First, let’s tackle the absolute best element of the episode: Beth’s death. Now, I’m not saying I’m glad that Beth is no longer on the show. Quite the opposite, really, as Beth has, over the course of the last two and a half seasons, become one of the show’s strongest and most complex characters. But I am glad that the show finally had the guts to make a bold choice and kill off a character with some weight (sorry Bob, but your death has only served to give Sasha a reason to start developing as a character). Beth, much like her fellow hospital patient Carol, started off her time on Walking Dead relegated to the background behind stronger characters (remember when Maggie was an interesting character?). Slowly but surely, Beth has grown into a tough, no nonsense young woman who has learned to navigate the dark and dangerous world she now inhabits. Having spent so much time cultivating the character of Beth, killing her at this point drives home the idea that no one on the show is safe, which is which appears to be something the show has started to forget over the past season.

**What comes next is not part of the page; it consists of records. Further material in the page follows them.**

lemma stat_dist_unique:
  fixes P :: "'s::finite \<Rightarrow> 's \<Rightarrow> real"
  assumes P: "stochastic P" "unichain_chain P"
    and sum1: "(\<Sum>t\<in>UNIV. \<nu> t) = 1" and st: "\<And>u. (\<Sum>t\<in>UNIV. \<nu> t * P t u) = \<nu> u"
  shows "\<nu> = stat_dist P"
proof
  fix u
  define w :: "'s \<Rightarrow> real" where "w t = (if t = u then 1 else 0)" for t
  have "(\<Sum>t\<in>UNIV. \<nu> t * cesaro P w t n) = \<nu> u" if "n > 0" for n
  proof -
    have "(\<Sum>t\<in>UNIV. \<nu> t * cesaro P w t n) = (\<Sum>k<n. \<Sum>t\<in>UNIV. \<nu> t * mv (mat_pow P k) w t) / real n"
      unfolding cesaro_def by (simp add: sum_divide_distrib sum_distrib_left) (rule sum.swap)
    then show ?thesis using that by (simp add: stationary_mat_pow[OF st] w_def if_distrib cong: if_cong)
  qed
  then have "(\<lambda>n. \<Sum>t\<in>UNIV. \<nu> t * cesaro P w t n) \<longlonglongrightarrow> \<nu> u"
    by (intro Lim_transform_eventually[OF tendsto_const] eventually_sequentiallyI[of 1]) simp
  moreover have "(\<lambda>n. \<Sum>t\<in>UNIV. \<nu> t * cesaro P w t n) \<longlonglongrightarrow> (\<Sum>t\<in>UNIV. \<nu> t * stat_dist P u)"
    unfolding w_def by (intro tendsto_intros cesaro_indicator_tendsto[OF P])
  ultimately show "\<nu> u = stat_dist P u"
    using LIMSEQ_unique sum1 by (fastforce simp: sum_distrib_right[symmetric])
qed

lemma superharmonic_ge_stat_mean:
  fixes P :: "'s::finite \<Rightarrow> 's \<Rightarrow> real"
  assumes P: "stochastic P" "unichain_chain P" and super: "\<And>t. mv P v t \<le> v t"
  shows "(\<Sum>t\<in>UNIV. stat_dist P t * v t) \<le> v s"
proof -
  have pow: "mv (mat_pow P k) v s \<le> v s" for k s
  proof (induction k arbitrary: s)
    case (Suc k)
    have "mv P (mv (mat_pow P k) v) s \<le> mv P v s"
      by (rule mv_mono) (auto intro: stochastic_nonneg[OF P(1)] Suc.IH)
    then show ?case using super[of s] by (simp only: mv_mat_pow_Suc)
  qed simp
  have "cesaro P v s n \<le> v s" if "n > 0" for n
  proof -
    have "(\<Sum>k<n. mv (mat_pow P k) v s) \<le> (\<Sum>k<n. v s)" by (intro sum_mono pow)
    then show ?thesis unfolding cesaro_def using that by (simp add: divide_le_eq mult.commute)
  qed
  then show ?thesis
    by (intro LIMSEQ_le_const2[OF cesaro_tendsto_stat_dist[OF P, of v s]] exI[of _ 1]) simp
qed

text \<open>If \<open>v = e + P v\<close> with \<open>e \<ge> 0\<close>, then \<open>v\<close> is superharmonic, so it dominates its stationary
  mean, and one step more gives the gap \<open>e\<close>.\<close>

lemma stat_mean_plus_defect_le:
  fixes P :: "'s::finite \<Rightarrow> 's \<Rightarrow> real"
  assumes P: "stochastic P" "unichain_chain P"
    and eq: "\<And>t. v t = e t + mv P v t" and e: "\<And>t. 0 \<le> e t"
  shows "(\<Sum>t\<in>UNIV. stat_dist P t * v t) + e s \<le> v s"
proof -
  have "(\<Sum>t\<in>UNIV. stat_dist P t * v t) \<le> v t" for t
    by (rule superharmonic_ge_stat_mean[OF P]) (metis e eq le_add_same_cancel2)
  then have "(\<Sum>t\<in>UNIV. stat_dist P t * v t) \<le> mv P v s" by (rule const_le_mv[OF P(1)])
  then show ?thesis using eq[of s] by linarith
qed

lemma poisson_solvable:
  fixes P :: "'s::finite \<Rightarrow> 's \<Rightarrow> real"
  assumes P: "stochastic P" "unichain_chain P"
  shows "\<exists>g h. \<forall>s. g + h s = r s + mv P h s"
proof -
  obtain c y where "\<And>s. r s = c + (y s - mv P y s)" using unichain_range_I_minus_P[OF P] by blast
  then have "\<forall>s. c + y s = r s + mv P y s" by (simp add: algebra_simps)
  then show ?thesis by blast
qed

lemma poisson_gain_eq_stat_mean:
  fixes P :: "'s::finite \<Rightarrow> 's \<Rightarrow> real"
  assumes P: "stochastic P" "unichain_chain P" and poisson: "\<And>s. g + h s = r s + mv P h s"
  shows "g = (\<Sum>t\<in>UNIV. stat_dist P t * r t)"
proof -
  have "(\<Sum>t\<in>UNIV. stat_dist P t * r t)
      = g * (\<Sum>t\<in>UNIV. stat_dist P t) + (\<Sum>t\<in>UNIV. stat_dist P t * h t) - (\<Sum>t\<in>UNIV. stat_dist P t * mv P h t)"
    using poisson by (simp add: eq_diff_eq[THEN iffD2, OF poisson[symmetric]] algebra_simps sum.distrib
        sum_subtractf sum_distrib_left)
  then show ?thesis using stat_dist_stationary[OF P, of h] stat_dist_sum[OF P] by simp
qed

lemma gain_eq_poisson:
  fixes P :: "'s::finite \<Rightarrow> 's \<Rightarrow> real"
  assumes P: "stochastic P" "unichain_chain P" and poisson: "\<And>s. g + h s = r s + mv P h s"
  shows "gain P r s = g"
proof -
  have "cesaro P r s \<longlonglongrightarrow> g"
    using cesaro_tendsto_stat_dist[OF P] poisson_gain_eq_stat_mean[OF P poisson] by simp
  then show ?thesis unfolding gain_def cesaro_def[symmetric] by (rule limI)
qed

lemma bias_eq_poisson:
  fixes P :: "'s::finite \<Rightarrow> 's \<Rightarrow> real"
  assumes P: "stochastic P" "unichain_chain P" and poisson: "\<And>s. g + h s = r s + mv P h s"
  shows "bias P r s = h s - (\<Sum>t\<in>UNIV. stat_dist P t * h t)"
proof -
  have "(\<lambda>u. r u - gain P r u) = (\<lambda>u. h u - mv P h u)"
    using poisson gain_eq_poisson[OF P poisson] by (auto simp: algebra_simps)
  then have "(\<Sum>n<N. \<Sum>k<n. mv (mat_pow P k) (\<lambda>u. r u - gain P r u) s) / real N = h s - cesaro P h s N"
    if "N > 0" for N
    using that by (simp add: sum_mv_mat_pow_telescope cesaro_def sum_subtractf field_simps)
  then have "\<forall>\<^sub>F N in sequentially. h s - cesaro P h s N
      = (\<Sum>n<N. \<Sum>k<n. mv (mat_pow P k) (\<lambda>u. r u - gain P r u) s) / real N"
    by (auto intro!: eventually_sequentiallyI[of 1])
  moreover have "(\<lambda>N. h s - cesaro P h s N) \<longlonglongrightarrow> h s - (\<Sum>t\<in>UNIV. stat_dist P t * h t)"
    by (intro tendsto_intros cesaro_tendsto_stat_dist[OF P])
  ultimately show ?thesis
    unfolding bias_def by (intro limI) (rule Lim_transform_eventually[rotated])
qed


section \<open>Hitting times and the span of a Poisson solution\<close>

text \<open>\<open>survival P s' n x\<close> is the probability, starting from \<open>x\<close>, of not visiting \<open>s'\<close> at times
  \<open>1, \<dots>, n\<close>.\<close>

definition survival :: "('s::finite \<Rightarrow> 's \<Rightarrow> real) \<Rightarrow> 's \<Rightarrow> nat \<Rightarrow> 's \<Rightarrow> real" where
  "survival P s' n x = (\<Sum>t\<in>UNIV. mat_pow (taboo P s') n x t)"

The loss of Beth should also have an incredibly wide impact on the remaining characters, as she has managed to have a deep and lasting impact on the majority of the survivors. For Rick, she’s a reminder that the children growing up in this world are still at risk, which will likely drive home the idea that Carl (despite his excellent survival skills) is still vulnerable. For Carol, it’s another reminder of Sophia’s death. For Carl, it’s the loss of his first real crush and his only remaining age appropriate friend (and, likely, a reminder of his own mortality, which might be necessary for a boy who is starting to think he is invincible). For poor Daryl, Beth’s death will likely be a horrific blow- one that will lend Norman Reedus the chance to really stretch himself over the course of the rest of the season. Finally, and perhaps more importantly, the loss of Beth will be a game changer for the character of Maggie.
As many have pointed out, Maggie has seemed pretty unconcerned with the location of Beth since the gang left the prison. It’s been one of the largest plot holes of the last season. I’m the oldest of three sisters, and if one of my sisters went missing during the zombie apocalypse, you better believe I would be doing everything possible to try to locate her. Maggie hasn’t even mentioned Beth this season. It just doesn’t add up. While the show truly missed a chance to build up additional emotional stakes around Beth’s disappearance through Maggie, it has a golden opportunity now to show the fallout and rectify this oversight. And, even better, it has the chance to rehabilitate Maggie completely, transforming her from one of the show’s most dull and dispassionate characters into something so much better. Killing Beth robs the series of one of its most complex characters, but it gives the show the chance to create another interesting one in Maggie. Writers: Please don’t spoil this chance.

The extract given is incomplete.